◆ REQUIRED ACTION ◆
For the word "beta", state how many lines of the records include it, with no other text.

◆ Dataset records ◆
Segment Open
(* Let $G$ be a proper interval graph on vertex set $[n]$, $t\ge2$, and $I=I_t(G)\subset K[x_1,\dots,x_n]$. Then for every positive integer $m$, $I^m$ has linear quotients.
   Context: $I_t(G)$ is the ideal generated by all squarefree monomials $x_{i_1}\cdots x_{i_t}$ with $\{i_1,\dots,i_t\}$ an independent set of $G$. A monomial ideal $J$ has linear quotients if its minimal monomial generators can be ordered $w_1,\dots,w_r$ so that for each $i\ge2$ the colon ideal $\langle w_1,\dots,w_{i-1}\rangle : w_i$ is generated by variables. A proper interval graph is a graph whose vertices can be assigned real intervals, none properly containing another, such that two vertices are adjacent iff their intervals intersect. *)

theory Defs
  imports Complex_Main
begin

text \<open>Monomials of K[x_1,...,x_n] are exponent vectors nat \<Rightarrow> nat supported in {1..n};
  divisibility of monomials is pointwise \<le>, product is pointwise +.
  A monomial ideal is represented by the set of monomials it contains
  (it is the K-span of these monomials; the field K plays no role).\<close>

definition mons :: "nat \<Rightarrow> (nat \<Rightarrow> nat) set" where
  "mons n = {u. \<forall>k. k \<notin> {1..n} \<longrightarrow> u k = 0}"

definition mmul :: "(nat \<Rightarrow> nat) \<Rightarrow> (nat \<Rightarrow> nat) \<Rightarrow> (nat \<Rightarrow> nat)" where
  "mmul u v = (\<lambda>k. u k + v k)"
theorem proposition4p2:
  fixes G :: "nat \<Rightarrow> 'g monoid" and T :: "nat \<Rightarrow> nat \<Rightarrow> 'g \<Rightarrow> 'g \<Rightarrow> 'g" and B :: "nat \<Rightarrow> nat \<Rightarrow> 'g"
    and Fo :: "nat \<Rightarrow> 'x set" and Fm :: "nat \<Rightarrow> nat \<Rightarrow> 'g set \<Rightarrow> 'x \<Rightarrow> 'x"
  assumes "braided_stability_groupoid G T B"
    and "UG_functor G T Fo Fm"
  shows "\<exists>\<Phi> :: nat \<Rightarrow> nat \<Rightarrow> (nat \<times> 'g set \<times> 'x) set \<Rightarrow> ('g \<times> 'x) set.
     (\<forall>p n. p \<le> n \<longrightarrow> bij_betw (\<Phi> p n) (Sig G T B Fo Fm p n) (Bal G T Fo Fm n (n - p))) \<and>
     (\<forall>p q n \<eta> h g x z. q \<le> p \<longrightarrow> p \<le> n \<longrightarrow> \<eta> \<in> UHom G T q p \<longrightarrow> h \<in> \<eta> \<longrightarrow>
        g \<in> carrier (G n) \<longrightarrow> x \<in> Fo (n - p) \<longrightarrow> z \<in> Sig G T B Fo Fm p n \<longrightarrow>
        \<Phi> p n z = bcls G T Fo Fm n (n - p) g x \<longrightarrow>
        \<Phi> q n (Sig_map G T B Fo Fm q p \<eta> n z) =
          bcls G T Fo Fm n (n - q)
            (mult (G n) g (T (n - p) p (one (G (n - p))) h))
            (Fm (n - p) (n - q) (utens G T B (n - p) (n - p) 0 (p - q) (uid G T (n - p)) (uiota G T (p - q))) x))"
proof -
  interpret braided_stability_functor G T B Fo Fm
    by (intro braided_stability_functor.intro braided_stability_groupoid_imp_braided_stability
        braided_stability_functor_axioms.intro assms)
  show ?thesis
    using bij_betw_Phi Phi_Sig_map unfolding bal_map_def embR_def
    by (intro exI[of _ Phi]) auto
qed

end
lemma norm_sqrt_minus_abs_diff_proj_le:
  assumes c: "\<And>u. u \<in> U \<Longrightarrow> sqrt_minus_abs_eigval u \<le> c" and c0: "0 \<le> c"
  shows "norm (sqrt_minus_abs (x - P0 x)) \<le> c * norm x"
proof -
  let ?y = "x - P0 x"
  have "(norm (sqrt_minus_abs ?y))\<^sup>2 = (\<Sum>\<^sub>\<infinity>u\<in>U. (sqrt_minus_abs_eigval u * inner ?y u)\<^sup>2)"
    using parseval_norm[of "sqrt_minus_abs ?y"] proj_sqrt_minus_abs[of ?y]
    by (simp add: inner_sqrt_minus_abs_eigenbasis cong: infsum_cong)
  also have "\<dots> \<le> (\<Sum>\<^sub>\<infinity>u\<in>U. c\<^sup>2 * (inner ?y u)\<^sup>2)"
  proof (rule infsum_mono[OF summable_sqrt_minus_abs_coeffs
        summable_on_cmult_right[OF bessel_summable[OF orthonormal]]])
    fix u assume u: "u \<in> U"
    have "(sqrt_minus_abs_eigval u)\<^sup>2 \<le> c\<^sup>2"
      using power_mono[OF c[OF u] sqrt_minus_abs_eigval_bounds(1)] .
    then show "(sqrt_minus_abs_eigval u * inner ?y u)\<^sup>2 \<le> c\<^sup>2 * (inner ?y u)\<^sup>2"
      by (simp add: power_mult_distrib mult_right_mono)
  qed
  also have "\<dots> = c\<^sup>2 * (norm ?y)\<^sup>2"
    using parseval_norm[of ?y] infsum_cmult_right[OF bessel_summable[OF orthonormal]] by simp
  finally have "(norm (sqrt_minus_abs ?y))\<^sup>2 \<le> (c * norm ?y)\<^sup>2"
    by (simp add: power_mult_distrib)
  then have "norm (sqrt_minus_abs ?y) \<le> c * norm ?y"
    by (rule power2_le_imp_le) (simp add: c0)
  also have "\<dots> \<le> c * norm x"
    using norm_diff_proj_le c0 by (rule mult_left_mono)
  finally show ?thesis .
qed

lemma norm_sqrt_minus_abs_le: "norm (sqrt_minus_abs x) \<le> norm x"
proof -
  have "(norm (sqrt_minus_abs x))\<^sup>2 = (norm (P0 x))\<^sup>2 + (\<Sum>\<^sub>\<infinity>u\<in>U. (sqrt_minus_abs_eigval u * inner x u)\<^sup>2)"
    using parseval_norm[of "sqrt_minus_abs x"] proj_sqrt_minus_abs[of x]
    by (simp add: inner_sqrt_minus_abs_eigenbasis cong: infsum_cong)
  also have "\<dots> \<le> (norm (P0 x))\<^sup>2 + (\<Sum>\<^sub>\<infinity>u\<in>U. (inner x u)\<^sup>2)"
  proof (intro add_left_mono infsum_mono[OF summable_sqrt_minus_abs_coeffs bessel_summable[OF orthonormal]])
    fix u
    have "(sqrt_minus_abs_eigval u)\<^sup>2 \<le> 1"
      using sqrt_minus_abs_eigval_bounds[of u] by (simp add: power_le_one)
    then show "(sqrt_minus_abs_eigval u * inner x u)\<^sup>2 \<le> (inner x u)\<^sup>2"
      using mult_right_mono[of _ 1 "(inner x u)\<^sup>2"] by (simp add: power_mult_distrib)
  qed
  also have "\<dots> = (norm x)\<^sup>2"
    by (rule parseval_norm[symmetric])
  finally show ?thesis
    by (rule power2_le_imp_le) simp
qed

lemma bounded_linear_sqrt_minus_abs: "bounded_linear sqrt_minus_abs"
proof (rule bounded_linear_intro[where K=1])
  show "sqrt_minus_abs (x + y) = sqrt_minus_abs x + sqrt_minus_abs y" for x y
    by (rule eigenbasis_eqI)
      (simp_all add: inner_sqrt_minus_abs_ker inner_sqrt_minus_abs_eigenbasis inner_add_left algebra_simps)
  show "sqrt_minus_abs (c *\<^sub>R x) = c *\<^sub>R sqrt_minus_abs x" for c x
    by (rule eigenbasis_eqI) (simp_all add: inner_sqrt_minus_abs_ker inner_sqrt_minus_abs_eigenbasis)
qed (simp add: norm_sqrt_minus_abs_le)

lemma sqrt_minus_abs_diff_proj: "sqrt_minus_abs (x - P0 x) = sqrt_minus_abs x - P0 (sqrt_minus_abs x)"
  by (rule eigenbasis_eqI)
    (simp_all add: inner_sqrt_minus_abs_ker inner_sqrt_minus_abs_eigenbasis inner_diff_left
      inner_diff_proj inner_proj inner_proj_eigenbasis algebra_simps)

lemma sqrt_eq_abs_plus_sqrt_minus_abs:
  assumes "y \<in> domS"
  shows "S y = absD y + sqrt_minus_abs y"
proof -
  have "y \<in> domAbs" using assms dom_sqrt_eq_dom_abs by simp
  then show ?thesis
    using assms by (intro eigenbasis_eqI) (simp_all add: sqrt_coeffs abs_coeffs inner_add_left
        inner_sqrt_minus_abs_ker inner_sqrt_minus_abs_eigenbasis sqrt_minus_abs_eigval_def algebra_simps)
qed

text \<open>Coefficientwise, \<open>(\<surd>(1 + \<mu>\<^sup>2) + |\<mu>|) (\<surd>(1 + \<mu>\<^sup>2) - |\<mu>|) = 1\<close>.\<close>
lemma sqrt_minus_abs_right_inverse:
  "sqrt_minus_abs x \<in> domS \<and> S (sqrt_minus_abs x) + absD (sqrt_minus_abs x) = x"
proof
  let ?y = "sqrt_minus_abs x"
  have "(\<lambda>u. (sqrt (1 + (eigval u)\<^sup>2) * inner ?y u)\<^sup>2) summable_on U"
  proof -
    have "\<bar>sqrt (1 + (eigval u)\<^sup>2) * sqrt_minus_abs_eigval u\<bar> \<le> 1" for u
      using sqrt_one_plus_sq_mult_minus_abs_le_1[of "eigval u"] sqrt_minus_abs_eigval_bounds(1)[of u]
      unfolding sqrt_minus_abs_eigval_def by simp
    then show ?thesis
      using summable_bounded_coeffs[of "\<lambda>u. sqrt (1 + (eigval u)\<^sup>2) * sqrt_minus_abs_eigval u" x]
      by (simp add: inner_sqrt_minus_abs_eigenbasis mult.assoc cong: summable_on_cong)
  qed
  then show dom: "?y \<in> domS"
    using diagonal_op_domain_iff[OF self_adjoint_sqrt sqrt_on_ker sqrt_on_eigenbasis] by blast
  then have "?y \<in> domAbs" using dom_sqrt_eq_dom_abs by simp
  then show "S ?y + absD ?y = x"
    using dom sqrt_one_plus_sq_plus_abs_mult
    by (intro eigenbasis_eqI) (simp_all add: sqrt_coeffs abs_coeffs inner_add_left
        inner_sqrt_minus_abs_ker inner_sqrt_minus_abs_eigenbasis sqrt_minus_abs_eigval_def
        algebra_simps flip: distrib_right)
qed

lemma sqrt_minus_abs_left_inverse:
  assumes "y \<in> domS"
  shows "sqrt_minus_abs (S y + absD y) = y"
proof -
  have "y \<in> domAbs" using assms dom_sqrt_eq_dom_abs by simp
  then show ?thesis
    using assms sqrt_one_plus_sq_plus_abs_mult
    by (intro eigenbasis_eqI) (simp_all add: sqrt_coeffs abs_coeffs inner_add_left
        inner_sqrt_minus_abs_ker inner_sqrt_minus_abs_eigenbasis sqrt_minus_abs_eigval_def
        algebra_simps flip: distrib_right)
qed

end

section \<open>Commutator estimates\<close>

lemma norm_compression_le_recursive:
  fixes X B H Q :: "'a::real_normed_vector \<Rightarrow> 'a"
  assumes X: "bounded_linear X" and B: "bounded_linear B" and Q: "bounded_linear Q"
    and QQ: "\<And>v. Q (Q v) = Q v" and Qn: "\<And>v. norm (Q v) \<le> norm v"
    and QH: "\<And>v. H (Q v) = Q (H v)" and HQ: "\<And>v. norm (H (Q v)) \<le> h * norm v" and h: "0 \<le> h"
    and fixed_point: "\<And>w. X w = B w - H (X (H w) + B (H w))"
  shows "norm (Q (X (Q w))) \<le> (onorm B + h\<^sup>2 * (onorm (\<lambda>v. Q (X (Q v))) + onorm B)) * norm w"
proof -
  interpret Q: bounded_linear Q by fact
  define Z where "Z v = Q (X (Q v))" for v
  define N where "N = onorm Z"
  have Z: "bounded_linear Z"
    unfolding Z_def by (intro bounded_linear_compose[OF Q] bounded_linear_compose[OF X] Q)
  have N0: "0 \<le> N" and B0: "0 \<le> onorm B"
    unfolding N_def by (simp_all add: onorm_pos_le Z B)
  define p where "p = H (Q w)"
  have Qp: "Q p = p" unfolding p_def using QH QQ by metis
  have pn: "norm p \<le> h * norm w" unfolding p_def by (rule HQ)
  have "Z w = Q (B (Q w)) - H (Q (Q (X p + B p)))"
    unfolding Z_def p_def using fixed_point[of "Q w"] QH QQ by (simp add: Q.diff)
  then have "norm (Z w) \<le> norm (Q (B (Q w))) + norm (H (Q (Q (X p + B p))))"
    by (simp add: norm_triangle_ineq4)
  moreover have "norm (Q (B (Q w))) \<le> onorm B * norm w"
    using Qn[of "B (Q w)"] onorm[OF B, of "Q w"] mult_left_mono[OF Qn B0] by (meson order_trans)
  moreover have "norm (H (Q (Q (X p + B p)))) \<le> h * norm (Z p + Q (B p))"
    using HQ[of "Q (X p + B p)"] Qp by (simp add: Z_def Q.add)
  moreover have "norm (Z p + Q (B p)) \<le> (N + onorm B) * (h * norm w)"
  proof -
    have "norm (Z p + Q (B p)) \<le> N * norm p + onorm B * norm p"
      using norm_triangle_ineq[of "Z p" "Q (B p)"] onorm[OF Z, of p] Qn[of "B p"] onorm[OF B, of p]
      unfolding N_def by linarith
    also have "\<dots> \<le> (N + onorm B) * (h * norm w)"
      using pn N0 B0 by (simp add: distrib_right[symmetric] mult_left_mono)
    finally show ?thesis .
  qed
  then have "h * norm (Z p + Q (B p)) \<le> h * ((N + onorm B) * (h * norm w))"
    using h by (rule mult_left_mono)
  ultimately have "norm (Z w) \<le> onorm B * norm w + h * ((N + onorm B) * (h * norm w))"
    by linarith
  then show ?thesis
    unfolding N_def Z_def[abs_def] by (simp add: power2_eq_square algebra_simps)
qed

text \<open>The recursive bound can be solved for \<open>N = \<parallel>Q X Q\<parallel>\<close> because \<open>N\<close> is finite and \<open>h < 1\<close>.\<close>
lemma norm_compression_le_of_fixed_point:
  fixes X B H Q :: "'a::real_normed_vector \<Rightarrow> 'a"
  assumes X: "bounded_linear X" and B: "bounded_linear B" and Q: "bounded_linear Q"
    and QQ: "\<And>v. Q (Q v) = Q v" and Qn: "\<And>v. norm (Q v) \<le> norm v"
    and QH: "\<And>v. H (Q v) = Q (H v)" and HQ: "\<And>v. norm (H (Q v)) \<le> h * norm v"
    and h: "0 \<le> h" "h < 1"
    and fixed_point: "\<And>w. X w = B w - H (X (H w) + B (H w))"
  shows "norm (Q (X (Q w))) \<le> (1 + h\<^sup>2) / (1 - h\<^sup>2) * onorm B * norm w"
proof -
  define N where "N = onorm (\<lambda>v. Q (X (Q v)))"
  have Z: "bounded_linear (\<lambda>v. Q (X (Q v)))"
    by (intro bounded_linear_compose[OF Q] bounded_linear_compose[OF X] Q)
  have "N \<le> onorm B + h\<^sup>2 * (N + onorm B)"
    unfolding N_def
    by (intro onorm_bound norm_compression_le_recursive[OF X B Q QQ Qn QH HQ h(1) fixed_point])
      (simp add: onorm_pos_le Z B)
  then have "N * (1 - h\<^sup>2) \<le> onorm B * (1 + h\<^sup>2)"
    by (simp add: algebra_simps)
  moreover have "0 < 1 - h\<^sup>2"
    using h by (simp add: power_less_one_iff)
  ultimately have "N \<le> (1 + h\<^sup>2) / (1 - h\<^sup>2) * onorm B"
    by (simp add: field_simps)
  then have "N * norm w \<le> (1 + h\<^sup>2) / (1 - h\<^sup>2) * onorm B * norm w"
    by (rule mult_right_mono) simp
  then show ?thesis
    using onorm[OF Z, of w] by (simp add: N_def)
qed

locale sqrt_abs_split =
  fixes S A H :: "'a::real_normed_vector \<Rightarrow> 'a" and V :: "'a set"
  assumes split: "\<And>y. y \<in> V \<Longrightarrow> S y = A y + H y"
    and right_inverse: "\<And>x. H x \<in> V \<and> S (H x) + A (H x) = x"
    and left_inverse: "\<And>y. y \<in> V \<Longrightarrow> H (S y + A y) = y"
    and bounded_linear_H: "bounded_linear H"
    and norm_H_le: "\<And>x. norm (H x) \<le> norm x"
begin

lemma commutator_split:
  assumes a: "linear a" "\<And>x. x \<in> V \<Longrightarrow> a x \<in> V"
    and B: "\<And>x. x \<in> V \<Longrightarrow> A (a x) - a (A x) = B x" and y: "y \<in> V"
  shows "S (a y) - a (S y) = B y + H (a y) - a (H y)"
proof -
  interpret a: linear a by (fact a(1))
  show ?thesis
    using split[OF a(2)[OF y]] split[OF y] B[OF y] by (simp add: a.add algebra_simps)
qed

lemma norm_commutator_le:
  assumes a: "bounded_linear a" "\<And>x. x \<in> V \<Longrightarrow> a x \<in> V"
    and B: "bounded_linear B" "\<And>x. x \<in> V \<Longrightarrow> A (a x) - a (A x) = B x" and x: "x \<in> V"
  shows "norm (S (a x) - a (S x)) \<le> (onorm B + 2 * onorm a) * norm x"
proof -
  have "S (a x) - a (S x) = B x + H (a x) - a (H x)"
    using commutator_split[of a B x] bounded_linear.linear[OF a(1)] a(2) B(2) x by blast
  then have "norm (S (a x) - a (S x)) \<le> norm (B x + H (a x)) + norm (a (H x))"
    by (simp add: norm_triangle_ineq4)
  also have "\<dots> \<le> norm (B x) + norm (H (a x)) + norm (a (H x))"
    using norm_triangle_ineq by (rule add_right_mono)
  also have "\<dots> \<le> onorm B * norm x + onorm a * norm x + onorm a * norm x"
  proof -
    have "norm (H (a x)) \<le> onorm a * norm x"
      using norm_H_le[of "a x"] onorm[OF a(1), of x] by linarith
    moreover have "norm (a (H x)) \<le> onorm a * norm x"
      using onorm[OF a(1), of "H x"] mult_left_mono[OF norm_H_le[of x] onorm_pos_le[OF a(1)]]
      by linarith
    ultimately show ?thesis
      using onorm[OF B(1), of x] by linarith
  qed
  finally show ?thesis
    by (simp add: algebra_simps)
qed

text \<open>Since \<open>H = (S + A)\<^sup>-\<^sup>1\<close>, the commutator \<open>X = [S, a] = B + [H, a]\<close> satisfies
  \<open>[H, a] = - H [S + A, a] H = - H (X + B) H\<close>.\<close>
lemma commutator_resolvent_identity:
  assumes a: "linear a" "\<And>x. x \<in> V \<Longrightarrow> a x \<in> V"
    and B: "\<And>x. x \<in> V \<Longrightarrow> A (a x) - a (A x) = B x"
  defines "X \<equiv> \<lambda>w. B w + H (a w) - a (H w)"
  shows "X w = B w - H (X (H w) + B (H w))"
proof -
  interpret a: linear a by (fact a(1))
  interpret H: bounded_linear H by (fact bounded_linear_H)
  let ?v = "H w"
  have v: "?v \<in> V" "S ?v + A ?v = w" using right_inverse by auto
  have av: "a ?v \<in> V" using a(2) v(1) .
  have "X ?v + B ?v = (S (a ?v) - a (S ?v)) + (A (a ?v) - a (A ?v))"
    unfolding X_def using commutator_split[OF a B v(1)] B[OF v(1)] by simp
  also have "\<dots> = (S (a ?v) + A (a ?v)) - a w"
    using v(2) by (simp add: a.add[symmetric] algebra_simps)
  finally have "H (X ?v + B ?v) = a ?v - H (a w)"
    using left_inverse[OF av] by (simp add: H.diff)
  then show ?thesis
    unfolding X_def by (simp add: algebra_simps)
qed
lemma square_div_4_le_exp:
  assumes "x \<ge> 0"
  shows "(x::real)^2 / 4 \<le> exp x"
proof -
  have "x/2 \<le> exp (x/2)" using exp_ge_add_one_self[of "x/2"] by linarith
  hence "(x/2)^2 \<le> (exp (x/2))^2" using assms by (intro power_mono) auto
  also have "(exp (x/2))^2 = exp x" by (simp add: power2_eq_square flip: exp_add)
  finally show ?thesis by (simp add: power_divide)
qed

lemma Cbar_le_exp:
  assumes "\<gamma> > 0" "\<xi> > 0" "R > 0" "D > 0" "z > 0"
  shows "Cbar \<gamma> \<xi> \<eta> D R z \<le> 8 * \<gamma> * \<xi> / R^2 * exp (- \<eta> * z)"
proof -
  define a where "a = R^2 / (4 * z * D)"
  \<comment> \<open>\<open>exp (- a) \<le> 4 / a\<^sup>2\<close> absorbs the singular factor \<open>1/z\<^sup>2\<close> uniformly in \<open>z\<close>.\<close>
  have a_pos: "a > 0" using assms by (simp add: a_def)
  have "a^2 / 4 \<le> exp a" using a_pos by (intro square_div_4_le_exp) simp
  hence "exp (- a) \<le> 4 / a^2" using a_pos by (simp add: exp_minus field_simps)
  hence "\<gamma> * \<xi> * R^2 / (8 * z^2 * D^2) * exp (- a) \<le> \<gamma> * \<xi> * R^2 / (8 * z^2 * D^2) * (4 / a^2)"
    using assms by (intro mult_left_mono) auto
  also have "\<dots> = 8 * \<gamma> * \<xi> / R^2"
    using assms by (simp add: a_def field_simps power2_eq_square)
  finally have "\<gamma> * \<xi> * R^2 / (8 * z^2 * D^2) * exp (- a) * exp (- \<eta> * z)
      \<le> 8 * \<gamma> * \<xi> / R^2 * exp (- \<eta> * z)"
    by (intro mult_right_mono) auto
  thus ?thesis by (simp add: Cbar_def a_def exp_diff exp_minus field_simps)
qed

lemma Cbar_tendsto_0:
  assumes "D > 0" "R > 0"
  shows "(Cbar \<gamma> \<xi> \<eta> D R \<longlongrightarrow> 0) (at_right 0)"
proof -
  define a where "a = R^2 / (4 * D)"
  have "a > 0" using assms by (simp add: a_def)
  hence "((\<lambda>z. exp (- (a / z) - \<eta> * z) / z^2) \<longlongrightarrow> 0) (at_right 0)"
    by real_asymp
  hence "((\<lambda>z. \<gamma> * \<xi> * R^2 / (8 * D^2) * (exp (- (a / z) - \<eta> * z) / z^2)) \<longlongrightarrow> 0) (at_right 0)"
    by (rule tendsto_mult_right_zero)
  moreover have "\<forall>\<^sub>F z in at_right 0.
      \<gamma> * \<xi> * R^2 / (8 * D^2) * (exp (- (a / z) - \<eta> * z) / z^2) = Cbar \<gamma> \<xi> \<eta> D R z"
    by (auto simp: eventually_at_right_less Cbar_def a_def field_simps)
  ultimately show ?thesis by (rule Lim_transform_eventually)
qed

lemma continuous_on_Cbar:
  assumes "D > 0" "R > 0"
  shows "continuous_on {0..} (Cbar \<gamma> \<xi> \<eta> D R)"
proof -
  have "continuous (at z within {0..}) (Cbar \<gamma> \<xi> \<eta> D R)" if "z \<ge> 0" for z
  proof (cases "z = 0")
    case True
    thus ?thesis using Cbar_tendsto_0[OF assms]
      by (simp add: continuous_within at_within_Ici_at_right Cbar_def)
  next
    case False
    hence "isCont (Cbar \<gamma> \<xi> \<eta> D R) z" using assms unfolding Cbar_def by (intro continuous_intros) auto
    thus ?thesis by (rule continuous_at_imp_continuous_at_within)
  qed
  thus ?thesis by (simp add: continuous_on_eq_continuous_within)
qed
lemma rescale_to_match:
  fixes \<psi> \<phi> :: "complex^'n"
  assumes "\<psi> \<noteq> 0" and "\<phi> \<noteq> 0"
  obtains k where "k \<noteq> 0" and "cinner (k *s \<psi>) (k *s \<psi>) = cinner \<phi> \<phi>"
    and "cinner \<phi> (k *s \<psi>) \<in> \<real>"
proof -
  obtain u where u: "cmod u = 1" "u * cinner \<phi> \<psi> \<in> \<real>"
    using unit_phase_exists by blast
  define r where "r = norm \<phi> / norm \<psi>"
  define k where "k = of_real r * u"
  have "k * cnj k = of_real (r\<^sup>2)"
    using u(1) by (simp add: k_def complex_norm_square[symmetric] power2_eq_square mult_ac)
  then have "cinner (k *s \<psi>) (k *s \<psi>) = of_real (r\<^sup>2) * cinner \<psi> \<psi>"
    by (simp add: cinner_smult_left cinner_smult_right mult.assoc[symmetric])
  also have "\<dots> = of_real (r\<^sup>2 * (norm \<psi>)\<^sup>2)"
    by (simp add: cinner_self)
  also have "r\<^sup>2 * (norm \<psi>)\<^sup>2 = (norm \<phi>)\<^sup>2"
    using assms(1) by (simp add: r_def power_divide)
  finally have "cinner (k *s \<psi>) (k *s \<psi>) = cinner \<phi> \<phi>"
    by (simp only: cinner_self)
  moreover have "cinner \<phi> (k *s \<psi>) \<in> \<real>"
    using u(2) by (simp add: k_def cinner_smult_right mult.assoc)
  moreover have "k \<noteq> 0"
    using assms u(1) by (auto simp: k_def r_def)
  ultimately show ?thesis using that by blast
qed
lemma separated_rotated:
  assumes "1 \<le> m" "m < m'" "m' \<le> n" "j \<le> m" "m < k"
  shows "separated m m'"
proof -
  have tc: "turn_col m = col (Suc m)" "rot m = Suc m" using assms unfolding turn_col_def rotation_def by auto
  consider "m' < k" | "m' = k" | "k < m'" by linarith
  then show ?thesis
  proof cases
    case 1
    then show ?thesis using col_strict_antimono[of "Suc m" "Suc m'"] assms order tc
      unfolding separated_def rotation_def by simp
  next
    case 2
    have "col k \<le> col (Suc m)" using col_strict_antimono[of "Suc m" k] assms 2 by (cases "Suc m = k") auto
    moreover have "1 \<le> col k" using col_block[of k] order L_pos by simp
    moreover have "beta (Suc m) \<le> beta k" using beta_between[of "Suc m"] assms by (cases "Suc m = k") auto
    moreover have "turn_col k = col k - 1" "turn_row k = beta k + 1"
      using order unfolding turn_col_def turn_row_def by simp_all
    ultimately show ?thesis using 2 tc unfolding separated_def by simp arith
  next
    case 3
    then show ?thesis using col_strict_antimono[of "Suc m" m'] assms tc
      unfolding separated_def rotation_def by simp
  qed
qed

lemma separated_block:
  assumes "1 \<le> m" "m < m'" "m' \<le> n" "k \<le> m" "m \<le> q'"
  shows "separated m m'"
proof -
  have tc: "turn_col m = col m - 1" using assms unfolding turn_col_def by simp
  have cm: "col m + m = L + n" using col_block[of m] assms order by simp
  have rot': "rot m' = m'" using assms unfolding rotation_def by simp
  consider "q' < m'" | "m' \<le> q'" "m' \<noteq> Suc m" | "m' = Suc m" "m' \<le> q'" by linarith
  then show ?thesis
  proof cases
    case 1
    then have "col m' + m' < L + n" using col_add[of m'] lam_after[of m'] assms by simp
    then have "col m' < turn_col m" using cm tc assms by linarith
    then show ?thesis using rot' unfolding separated_def by simp
  next
    case 2
    then have "col m' < turn_col m" using col_block[of m'] cm tc assms order by linarith
    then show ?thesis using rot' unfolding separated_def by simp
  next
    case 3
    have "turn_col m < col (rot m)"
    proof (cases "m = k")
      case True
      then show ?thesis using col_strict_antimono[of j k] tc order unfolding rotation_def by simp
    next
      case False
      then show ?thesis using tc cm L_pos assms unfolding rotation_def by simp
    qed
    moreover have "col m' = col m - 1" "1 \<le> col m'" using col_block[of m'] cm 3 assms order L_pos by simp_all
    ultimately show ?thesis using 3 tc rot' assms unfolding separated_def turn_col_def turn_row_def
      by simp arith
  qed
qed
Segment Closed
◆ EXERCISE RESULT ◆
2